I kind of can't believe I haven't shared this simple soup recipe yet. As soon as our kitchen counters are covered in tomatoes, I make it nearly weekly. It only has a handful of ingredients, all magically (hmmm?) in season at the same time. And I know, soup in the summer time seems a little funny. But it's too good to hold off until a more soup-appropriate season. Besides that you won't find a good tomato in November, not even in New Jersey. And unless you're moving nearly 2,000 miles away any day now (present!), it also freezes great. Not that you'll be able to hang onto until it's snowing, but I dare you to try.
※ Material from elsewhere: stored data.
(* Let $\tilde A\in\widetilde{SL}(2,\mathbb R)$, let $a\in\mathbb R$, let $b:=\tilde A(a)$, so that $I:=[a,b)$ is a fundamental domain of $\mathbb R/\langle\tilde A\rangle$, and let $W(I)$ denote the winding number of $(a,b)$. Then: (1) if $\tilde A$ is conjugate to $\tilde E_\alpha$ with $\alpha>0$, then $W(I)=n$ if and only if $\alpha=n\pi$, and otherwise $W(I)=n+\frac12$, where $n\pi<\alpha<(n+1)\pi$; (2) if $\tilde A$ is conjugate to $\tilde P^+_n$, respectively $\tilde P^-_n$, with $n\in\mathbb N^*$, then $n-\frac12\le W(I)\le n$, respectively $n\le W(I)\le n+\frac12$; (3) if $\tilde A$ is conjugate to $\tilde H_n(\lambda)$ with $\lambda>1$ and $n\in\mathbb N^*$, then $n-\frac12\le W(I)\le n+\frac12$. In cases (2) and (3), $W(I)$ is an integer if and only if $\pi(a)\in\mathbb{RP}^1$ is a fixed point of the projection $\hat A\in PSL(2,\mathbb R)$ of $\tilde A$. Moreover, the bounds in the inequalities above are attained (for suitable $a$).
   Context: Let $\pi:\mathbb R\to\mathbb{RP}^1$, $\pi(t)=[\cos t:\sin t]$, $\bar\pi(t)=(\cos t,\sin t)\in S^1$; $SL(2,\mathbb R)$ acts on $S^1$ by $A\cdot v=Av/\|Av\|$ and $PSL(2,\mathbb R)$ on $\mathbb{RP}^1$ by homographies. $\widetilde{SL}(2,\mathbb R)$ is the group of diffeomorphisms $\tilde A$ of $\mathbb R$ with $\bar\pi\circ\tilde A=A\cdot\bar\pi$ for some $A\in SL(2,\mathbb R)$; its projection $\hat A\in PSL(2,\mathbb R)$ is the class of $A$, and $\pi\circ\tilde A=\hat A\circ\pi$. $\tilde E_\alpha(x)=x+\alpha$. For $\hat A\in PSL(2,\mathbb R)$ with a fixed point in $\mathbb{RP}^1$, its canonical lift $\tilde A_0$ is the unique lift having a fixed point in $\mathbb R$. With $P^\pm=\begin{pmatrix}1&\pm1\\0&1\end{pmatrix}$ and $H(\lambda)=\begin{pmatrix}\lambda&0\\0&\lambda^{-1}\end{pmatrix}$ ($\lambda>0$, $\lambda\ne1$), let $\tilde P^\pm_0$, $\tilde H_0(\lambda)$ be the canonical lifts of their classes and $\tilde P^\pm_n:=\tilde P^\pm_0\tilde E_{n\pi}$, $\tilde H_n(\lambda):=\tilde H_0(\lambda)\tilde E_{n\pi}$. Conjugacy is in $\widetilde{SL}(2,\mathbb R)$. Winding number: for $a<b$, $W((a,b))=k$ if $b=a+k\pi$, $k\in\mathbb N$, and $W((a,b))=k+\frac12$ if $a+k\pi<b<a+(k+1)\pi$, $k\in\mathbb N$. *)

theory Defs
  imports "HOL-Analysis.Analysis"
begin

type_synonym mat2 = "real^2^2"

definition pibar :: "real \<Rightarrow> real^2" where
  "pibar t = vector [cos t, sin t]"

definition sl_act :: "mat2 \<Rightarrow> real^2 \<Rightarrow> real^2" where
  "sl_act M v = (1 / norm (M *v v)) *\<^sub>R (M *v v)"

definition diffeo :: "(real \<Rightarrow> real) \<Rightarrow> bool" where
  "diffeo g \<longleftrightarrow> bij g \<and> (\<forall>x. g differentiable (at x)) \<and> (\<forall>x. inv g differentiable (at x))"

definition lift_of :: "mat2 \<Rightarrow> (real \<Rightarrow> real) \<Rightarrow> bool" where
  "lift_of M g \<longleftrightarrow> det M = 1 \<and> (\<forall>t. pibar (g t) = sl_act M (pibar t))"

definition SLtilde :: "(real \<Rightarrow> real) set" where
  "SLtilde = {g. diffeo g \<and> (\<exists>M. lift_of M g)}"

definition conjugate :: "(real \<Rightarrow> real) \<Rightarrow> (real \<Rightarrow> real) \<Rightarrow> bool" where
  "conjugate f h \<longleftrightarrow> (\<exists>g\<in>SLtilde. f = g \<circ> h \<circ> inv g)"

definition Etr :: "real \<Rightarrow> real \<Rightarrow> real" where
  "Etr \<alpha> x = x + \<alpha>"

text \<open>g is the canonical lift of the class of M in PSL(2,R): an element of
  the universal cover projecting to the class of M (i.e. lifting M or -M)
  and having a fixed point in R.\<close>
definition canonical_lift :: "mat2 \<Rightarrow> (real \<Rightarrow> real) \<Rightarrow> bool" where
  "canonical_lift M g \<longleftrightarrow> g \<in> SLtilde \<and> (lift_of M g \<or> lift_of (- M) g) \<and> (\<exists>x. g x = x)"

definition Pplus :: mat2 where "Pplus = vector [vector [1, 1], vector [0, 1]]"
definition Pminus :: mat2 where "Pminus = vector [vector [1, -1], vector [0, 1]]"
definition Hmat :: "real \<Rightarrow> mat2" where "Hmat l = vector [vector [l, 0], vector [0, 1 / l]]"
For this recipe, you'll need:

2 large shallots, chopped
2 cloves garlic, sliced
1/2 teaspoon oregano, dried or fresh
3 tablespoons olive oil
2 tablespoons flour (I use whole wheat, but any is fine)
Salt & pepper
4 cups low-sodium vegetable stock
2 pounds heirloom tomatoes (or your favorite variety)
1/4-1/2 cup fresh basil, chopped


Start by preheating your oven to 400 degrees. Slice your tomatoes in half and scoop out some of the seeds. You don't have to get all of them, since keeping them a little hearty makes the soup thicker and creamier. Place on a large baking sheet cut side up and sprinkle with salt and pepper. Drizzle one tablespoon of your olive oil over the top and roast for one hour.


When your tomatoes are nearly done, place a large stockpot over medium heat. Add the rest of your olive oil, shallots and garlic and sauté for about two to three minutes. Add your oregano, a little more salt and pepper and sauté for one minute more. Use some of your stock to deglaze the bottom of the pot (just a little) and then add your flour to thicken the base. At this point you could also add a tablespoon of butter or vegan margarine for a little extra oomph, but this isn't completely necessary. It is, however, delicious, so to each their own. My own includes it.


Stir everything up and then add the rest of your vegetable stock. Bring to a gentle simmer and then add your roasted tomato halves. Simmer for about twenty minutes more. Halfway through this time, add your fresh basil (if you use dried, add it when you first add your tomatoes).

Allow to cool slightly before adding to your blender to purée until smooth. You can also use a handheld blender for this if you'd rather leave some of the texture.


Simple! So simple. And perfect with a little extra herbs on top, some shredded cheese, crusty bread, cheesy-crusty bread, avocado toast or even all on its own. It's the perfect summer lunch.